At one time I briefly spent a bunch of time learning kdb/q. I remember one particular day when I wrote a non-trivial program and it worked first time. I was so shocked I thought I must have suffered some kind of brain aneurism or something.

oh, gosh. sorry for your loss.

if you don't mind me asking, do you also remember the day when you wrote some non-trivial program in any language and it "worked" the first time, whatever that means (i presume "correctly")? what was the language? are you sure you've made a full recovery from that shock as well?

on a serious note, APL (and, by proxy, its descendants) invented REPL (dubbed "dialogue approach") long before the people who coined "REPL" even came to be. When that happened, C lanugage wasn't around either.
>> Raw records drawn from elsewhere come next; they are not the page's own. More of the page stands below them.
text \<open>Take N least with n^(m^2) \<le> (N!)^N. Then ((N - 1)!)^(N - 1) < n^(m^2), and N exceeds
  fact_level_bound m because n > large_threshold m; so (N + 1)! + m + 1 \<le> ((N - 1)!)^4 forces
  ((N + 1)! + m + 1)^(code_exp m) < n.\<close>

lemma ex_fact_level:
  assumes "1 \<le> m" and n: "large_threshold m < n"
  shows "\<exists>N. 1 \<le> N \<and> n ^ (m * m) \<le> fact N ^ N \<and> (fact (Suc N) + m + 1) ^ code_exp m < n"
proof -
  let ?P = "\<lambda>N. n ^ (m * m) \<le> (fact N :: nat) ^ N"
  have n_le: "n \<le> n ^ (m * m)" using n assms(1) by (intro self_le_power) auto
  have "n ^ (m * m) \<le> fact (n ^ (m * m))" by (rule fact_ge_self)
  also have "\<dots> \<le> fact (n ^ (m * m)) ^ n ^ (m * m)" using n by (intro self_le_power) auto
  finally have "?P (n ^ (m * m))" .
  then have PN: "?P (LEAST N. ?P N)" by (rule LeastI)
  define N where "N = (LEAST N. ?P N) - 1"
  have "fact_level_bound m < Suc N"
  proof (rule ccontr)
    assume "\<not> ?thesis"
    then have "(LEAST N. ?P N) \<le> fact_level_bound m" unfolding N_def by simp
    then have "fact (LEAST N. ?P N) ^ (LEAST N. ?P N) \<le> large_threshold m"
      unfolding large_threshold_def
      by (meson fact_mono power_mono power_increasing fact_ge_1 order_trans zero_le)
    with PN n n_le show False by linarith
  qed
  then have Suc_N: "(LEAST N. ?P N) = Suc N"
    unfolding N_def fact_level_bound_def by (cases "LEAST N. ?P N") auto
  have "\<not> ?P N" using not_less_Least[of N ?P] Suc_N by simp
  have bound: "4 * code_exp m * (m * m) + m + 3 \<le> N"
    using \<open>fact_level_bound m < Suc N\<close> unfolding fact_level_bound_def by simp
  have "((fact (Suc (Suc N)) + m + 1) ^ code_exp m) ^ (m * m) \<le> ((fact N ^ 4) ^ code_exp m) ^ (m * m)"
    using fact_Suc_Suc_le_fact_pow4[of N m] bound by (intro power_mono) auto
  also have "\<dots> = fact N ^ (4 * code_exp m * (m * m))" by (simp add: power_mult[symmetric])
  also have "\<dots> \<le> fact N ^ N" using bound by (intro power_increasing) auto
  also have "\<dots> < n ^ (m * m)" using \<open>\<not> ?P N\<close> by simp
  finally have "(fact (Suc (Suc N)) + m + 1) ^ code_exp m < n"
    by (rule power_less_imp_less_base) simp
  moreover have "?P (Suc N)" using PN Suc_N by simp
  ultimately show ?thesis by (intro exI[of _ "Suc N"]) simp
qed

lemma code_modulus_le:
  assumes "0 < q" and "L \<le> m * q ^ (m * m)"
  shows "(x mod q + 1) * L + 1 \<le> (q + m + 1) ^ (m * m + 3)"
proof -
  let ?Q = "q + m + 1"
  have "m * q ^ (m * m) \<le> ?Q * ?Q ^ (m * m)" by (intro mult_le_mono power_mono) auto
  with assms(2) have "L \<le> ?Q * ?Q ^ (m * m)" by (rule le_trans)
  moreover have "x mod q + 1 \<le> ?Q" using mod_less_divisor[OF assms(1), of x] by simp
  ultimately have "(x mod q + 1) * L \<le> ?Q * (?Q * ?Q ^ (m * m))" by (intro mult_mono) auto
  also have "\<dots> = ?Q ^ (m * m + 2)" by (simp add: eval_nat_numeral)
  finally have "(x mod q + 1) * L \<le> ?Q ^ (m * m + 2)" .
  moreover have "0 < ?Q ^ (m * m + 2)" by simp
  ultimately have "(x mod q + 1) * L + 1 \<le> 2 * ?Q ^ (m * m + 2)" by linarith
  also have "\<dots> \<le> ?Q * ?Q ^ (m * m + 2)" using assms(1) by (intro mult_right_mono) auto
  also have "\<dots> = ?Q ^ (m * m + 3)" by (simp add: eval_nat_numeral)
  finally show ?thesis .
qed

lemma ex_code_params:
  assumes m: "1 \<le> m" and n: "large_threshold m < n" and fin: "finite S" and "S \<subseteq> {..<n}"
    and card: "card S \<le> m" and c: "\<forall>x\<in>S. c x \<in> {1..m}"
  shows "\<exists>q L R. 0 < q \<and> q < n \<and> L < n \<and> R < n \<and>
    (\<forall>x\<in>S. (x mod q + 1) * L + 1 < n \<and> R mod ((x mod q + 1) * L + 1) = c x)"
proof -
  obtain N where N: "1 \<le> N" "n ^ (m * m) \<le> fact N ^ N" "(fact (Suc N) + m + 1) ^ code_exp m < n"
    using ex_fact_level[OF m n] by blast
  obtain q where q: "0 < q" "q \<le> fact (Suc N)" "inj_on (\<lambda>x. x mod q) S"
    using ex_mod_inj_on[OF fin \<open>S \<subseteq> {..<n}\<close> card N(1) _ N(2)] n by auto
  obtain L R where L: "L \<le> m * q ^ (m * m)" and R: "R < (\<Prod>x\<in>S. (x mod q + 1) * L + 1)"
    and R_mod: "\<forall>x\<in>S. R mod ((x mod q + 1) * L + 1) = c x"
    using ex_crt_code[OF fin q(1) q(3) card m c] by blast
  let ?Q = "q + m + 1"
  have small: "?Q ^ j < n" if "j \<le> code_exp m" for j
  proof -
    have "?Q ^ j \<le> ?Q ^ code_exp m" using that by (intro power_increasing) auto
    also have "\<dots> \<le> (fact (Suc N) + m + 1) ^ code_exp m" using q(2) by (intro power_mono) auto
    finally show ?thesis using N(3) by simp
  qed
  have "m * m + 3 \<le> code_exp m" unfolding code_exp_def using m by simp
  then have exps: "1 \<le> code_exp m" "m * m + 1 \<le> code_exp m" by simp_all
  have "(\<Prod>x\<in>S. (x mod q + 1) * L + 1) \<le> (?Q ^ (m * m + 3)) ^ m"
    using code_modulus_le[OF q(1) L] card by (intro prod_le_power) auto
  also have "\<dots> < n" using small[of "code_exp m"] by (simp add: code_exp_def power_mult)
  finally have prod: "(\<Prod>x\<in>S. (x mod q + 1) * L + 1) < n" .
  have moduli: "(x mod q + 1) * L + 1 < n" if "x \<in> S" for x
  proof -
    have "(x mod q + 1) * L + 1 \<le> (\<Prod>x\<in>S. (x mod q + 1) * L + 1)"
      using that fin by (intro dvd_imp_le) (auto intro!: prod_pos)
    with prod show ?thesis by simp
  qed
  have "q < n" using small[of 1] exps by simp
  moreover have "L < n"
  proof -
    have "m * q ^ (m * m) \<le> ?Q * ?Q ^ (m * m)" by (intro mult_le_mono power_mono) auto
    with L have "L \<le> ?Q ^ (m * m + 1)" by simp
    with small[of "m * m + 1"] exps show ?thesis by simp
  qed
  moreover have "R < n" using R prod by simp
  ultimately show ?thesis using q(1) moduli R_mod by blast
qed

fun numeral_trm :: "nat \<Rightarrow> trm" where
  "numeral_trm 0 = App Zero []"
| "numeral_trm (Suc j) = App Succ [numeral_trm j]"

lemma vars_numeral_trm [simp]: "vars_trm (numeral_trm j) = {}"
  by (induction j) auto

lemma wf_numeral_trm: "arith_sig \<tau> \<Longrightarrow> wf_trm \<tau> (numeral_trm j)"
  by (induction j) (auto simp: arith_sig_def)

definition numeral_val :: "struc \<Rightarrow> nat \<Rightarrow> nat" where
  "numeral_val A j = eval A (\<lambda>_. 0) (numeral_trm j)"

lemma eval_numeral_trm [simp]: "eval A s (numeral_trm j) = numeral_val A j"
  unfolding numeral_val_def by (rule eval_cong) simp

lemma eval_upd_above [simp]: "\<forall>y\<in>vars_trm t. y < V \<Longrightarrow> eval A (s(V + k := a)) t = eval A s t"
  by (rule eval_upd) auto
Fortran was, granted, and sure enough it "worked" every time. you didn't even have to try, just punch it up on a punchcard, stick it in, wait a while. done. flawless.

on a closing note: writing correct programs takes skill and happens in iterations. the faster you can iterate, the faster you can justify your money's worth. the less you type, the more you think. less code less bug.

does that help?

  • What I mean by "worked" in this context is compiled/parsed[1] without error and had correct behaviour when executed.

    I have been programming professionally for about 30 years at this point, so it has happened to me literally hundreds of times at this point in at least 10 other languages- in fact in some languages (especially Haskell and Rust) I would say it's the norm for me rather than the exception to have the code work correctly if it passes compilation (which is sort of the point of strict type systems obviously).

    It literally only ever happened the one time in kdb which is why I remember it so vividly and not in those other languages.

    I have no idea why you thought your closing note might help, but sure.

    [1] Depending on language obviously.

  • >on a serious note, APL (and, by proxy, its descendants) invented REPL (dubbed "dialogue approach") long before the people who coined "REPL" even came to be.

    While I have enjoyed learning array languages, and think they are still underrated, Wikipedia seems to disagree with this statement above.

    According to wikiepdia, REPL seems to have been coined after Iverson created his notation, but before the first APL was ever written.

    https://en.wikipedia.org/wiki/Read%E2%80%93eval%E2%80%93prin...

    • > seems to disagree

      no, actually i think Wikipedia got it right:

        "The 1974 Maclisp reference manual by David A. Moon attests "Read-eval-print loop" on page 89, but does not use the acronym REPL.[7]
        Since at least the 1980s, the abbreviations REP Loop and REPL are attested in the context of Scheme.[8][9]"
      
      

      The first APL interpreter was implemented on System/360 in 1965. Iverson got a Turing in 1979.